■ **TASK INPUT**:
┌────────

lemma representable_uminus [simp]: "representable f \<Longrightarrow> representable (\<lambda>x. - f x)"
  and tvec_uminus: "representable f \<Longrightarrow> tv (\<lambda>x. - f x) = - tv f"
  using representable_tvec[of "- tv f" "\<lambda>x. - f x"]
  by (auto simp: tvec_in_H form_tvec subspace_neg[OF H_subspace] form_minus_left)

lemma
  assumes "finite A" "\<And>i. i \<in> A \<Longrightarrow> representable i"
  shows representable_rcomb [simp]: "representable (rcomb c A)"
    and tvec_rcomb: "tv (rcomb c A) = (\<Sum>i\<in>A. smult (of_real (c i)) (tv i))"
proof -
  have "representable (rcomb c A) \<and> tv (rcomb c A) = (\<Sum>i\<in>A. smult (of_real (c i)) (tv i))"
    using assms
  proof (induction A rule: finite_induct)
    case (insert a A)
    have "rcomb c (insert a A) = (\<lambda>x. of_real (c a) * a x + rcomb c A x)"
      using insert.hyps by (simp add: rcomb_def)
    then show ?case using insert by (simp add: tvec_add tvec_scale)
  qed (simp add: rcomb_def)
  then show "representable (rcomb c A)" "tv (rcomb c A) = (\<Sum>i\<in>A. smult (of_real (c i)) (tv i))"
    by simp_all
qed

lemma rform_eval: "representable f \<Longrightarrow> representable g \<Longrightarrow> \<langle>f, g\<rangle> = g (tv f)"
  by (simp add: rform_def form_tvec tvec_in_H form_sym[of "tv f"])

lemma rform_sym: "\<langle>f, g\<rangle> = \<langle>g, f\<rangle>"
  by (simp add: rform_def form_sym)

context
  fixes f g u :: "'g \<Rightarrow> complex"
  assumes f: "representable f" and g: "representable g"
begin

lemma rform_add_left: "\<langle>\<lambda>x. f x + g x, u\<rangle> = \<langle>f, u\<rangle> + \<langle>g, u\<rangle>"
  and rform_diff_left: "\<langle>\<lambda>x. f x - g x, u\<rangle> = \<langle>f, u\<rangle> - \<langle>g, u\<rangle>"
  and rform_add_right: "\<langle>u, \<lambda>x. f x + g x\<rangle> = \<langle>u, f\<rangle> + \<langle>u, g\<rangle>"
  and rform_diff_right: "\<langle>u, \<lambda>x. f x - g x\<rangle> = \<langle>u, f\<rangle> - \<langle>u, g\<rangle>"
  using f g by (simp_all add: rform_def tvec_add tvec_diff form_add_left form_diff_left
      form_add_right form_sym[of "tv u"])

end

lemma rform_uminus_left: "representable f \<Longrightarrow> \<langle>\<lambda>x. - f x, g\<rangle> = - \<langle>f, g\<rangle>"
  and rform_uminus_right: "representable g \<Longrightarrow> \<langle>f, \<lambda>x. - g x\<rangle> = - \<langle>f, g\<rangle>"
  by (simp_all add: rform_def tvec_uminus form_minus_left form_minus_right)

lemma rform_scale_left: "representable f \<Longrightarrow> \<langle>\<lambda>x. c * f x, g\<rangle> = c * \<langle>f, g\<rangle>"
  and rform_scale_right: "representable g \<Longrightarrow> \<langle>f, \<lambda>x. c * g x\<rangle> = c * \<langle>f, g\<rangle>"
  by (simp_all add: rform_def tvec_scale form_scale_left form_scale_right)

lemma rform_rcomb_left:
  assumes "finite A" "\<And>i. i \<in> A \<Longrightarrow> representable i"
  shows "\<langle>rcomb c A, g\<rangle> = (\<Sum>i\<in>A. of_real (c i) * \<langle>i, g\<rangle>)"
  using assms by (simp add: rform_def tvec_rcomb form_sum_left form_scale_left)

lemma rform_rcomb_right:
  assumes "finite A" "\<And>i. i \<in> A \<Longrightarrow> representable i"
  shows "\<langle>g, rcomb c A\<rangle> = (\<Sum>i\<in>A. of_real (c i) * \<langle>g, i\<rangle>)"
  using rform_rcomb_left[OF assms] by (simp add: rform_sym)

lemma bracket_opposite_weights:
  assumes x: "x \<in> weight_space \<alpha>" and y: "y \<in> weight_space (\<lambda>h. - \<alpha> h)"
  shows "br x y \<in> H" and "h \<in> H \<Longrightarrow> B (br x y) h = \<alpha> h * B x y"
proof -
  show "br x y \<in> H" using bracket_weight_spaces[OF x y] weight_space_zero by simp
  assume h: "h \<in> H"
  have "B (br x y) h = - B x (br h y)"
    by (simp add: form_invariant bracket_antisym[of y h] form_minus_right)
  also have "\<dots> = \<alpha> h * B x y"
    using y h by (simp add: mem_weight_space_iff form_scale_right form_minus_right)
  finally show "B (br x y) h = \<alpha> h * B x y" .
qed

lemma roots_representable: "\<alpha> \<in> R \<Longrightarrow> representable \<alpha>"
proof -
  assume "\<alpha> \<in> R"
  then obtain x where x: "x \<in> weight_space \<alpha>" "x \<noteq> 0" and \<alpha>: "dual_of smult H \<alpha>"
    by (auto simp: mem_roots_iff)
  obtain y where y: "y \<in> weight_space (\<lambda>h. - \<alpha> h)" "B x y \<noteq> 0"
    using weight_space_pairing[OF \<alpha> x] by blast
  show "representable \<alpha>"
    unfolding representable_def
    using bracket_opposite_weights[OF x(1) y(1)] y(2) subspace_scale[OF H_subspace]
    by (intro bexI[of _ "smult (1 / B x y) (br x y)"]) (auto simp: form_scale_left)
qed

lemma bracket_opposite_root_vectors:
  assumes \<alpha>: "\<alpha> \<in> R" and x: "x \<in> weight_space \<alpha>" and y: "y \<in> weight_space (\<lambda>h. - \<alpha> h)"
  shows "br x y = smult (B x y) (tv \<alpha>)"
proof -
  have "br x y - smult (B x y) (tv \<alpha>) = 0"
    using bracket_opposite_weights[OF x y] roots_representable[OF \<alpha>]
    by (intro form_nondegenerate_on_H)
      (simp_all add: subspace_diff[OF H_subspace] subspace_scale[OF H_subspace] tvec_in_H
        form_tvec form_diff_left form_scale_left)
  then show ?thesis by simp
qed

section \<open>Cartan numbers\<close>

lemma nonisotropic_roots_iff: "\<alpha> \<in> R\<^sub>x \<longleftrightarrow> \<alpha> \<in> R \<and> \<langle>\<alpha>, \<alpha>\<rangle> \<noteq> 0"
  by (simp add: nonisotropic_roots_def)

lemma isotropic_roots_iff: "\<alpha> \<in> R\<^sub>0 \<longleftrightarrow> \<alpha> \<in> R \<and> \<langle>\<alpha>, \<alpha>\<rangle> = 0"
  by (auto simp: isotropic_roots_def nonisotropic_roots_def)

lemma nonisotropic_roots_uminus:
  assumes "\<alpha> \<in> R\<^sub>x"
  shows "(\<lambda>h. - \<alpha> h) \<in> R\<^sub>x"
  using assms roots_uminus roots_representable
  by (simp add: nonisotropic_roots_iff rform_uminus_left rform_uminus_right)

definition cartan :: "('g \<Rightarrow> complex) \<Rightarrow> ('g \<Rightarrow> complex) \<Rightarrow> complex"
  where "cartan \<beta> \<alpha> = 2 * \<langle>\<beta>, \<alpha>\<rangle> / \<langle>\<alpha>, \<alpha>\<rangle>"

lemma root_vectors_bracket_tvec:
  assumes \<delta>: "\<delta> \<in> R"
  obtains x y where "x \<in> weight_space \<delta>" "y \<in> weight_space (\<lambda>h. - \<delta> h)" "br x y = tv \<delta>"
proof -
  obtain x where x: "x \<in> weight_space \<delta>" "x \<noteq> 0" and dual\<delta>: "dual_of smult H \<delta>"
    using \<delta> by (auto simp: mem_roots_iff)
  obtain y where y: "y \<in> weight_space (\<lambda>h. - \<delta> h)" "B x y \<noteq> 0"
    using weight_space_pairing[OF dual\<delta> x] by blast
  have "br x (smult (1 / B x y) y) = tv \<delta>"
    using bracket_opposite_root_vectors[OF \<delta> x(1) weight_space_scale[OF y(1)]] y(2)
    by (simp add: form_scale_right)
  then show ?thesis using that x(1) weight_space_scale[OF y(1)] by blast
qed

└────────

■ **WHAT TO PRODUCE**:
Return only the part of the records above that opens with the line containing "using y h by" and closes with the line containing "using bracket_opposite_weights[OF x(1)", ends included.

■ **SOLUTION FOR THIS TASK**:
    using y h by (simp add: mem_weight_space_iff form_scale_right form_minus_right)
  finally show "B (br x y) h = \<alpha> h * B x y" .
qed

lemma roots_representable: "\<alpha> \<in> R \<Longrightarrow> representable \<alpha>"
proof -
  assume "\<alpha> \<in> R"
  then obtain x where x: "x \<in> weight_space \<alpha>" "x \<noteq> 0" and \<alpha>: "dual_of smult H \<alpha>"
    by (auto simp: mem_roots_iff)
  obtain y where y: "y \<in> weight_space (\<lambda>h. - \<alpha> h)" "B x y \<noteq> 0"
    using weight_space_pairing[OF \<alpha> x] by blast
  show "representable \<alpha>"
    unfolding representable_def
    using bracket_opposite_weights[OF x(1) y(1)] y(2) subspace_scale[OF H_subspace]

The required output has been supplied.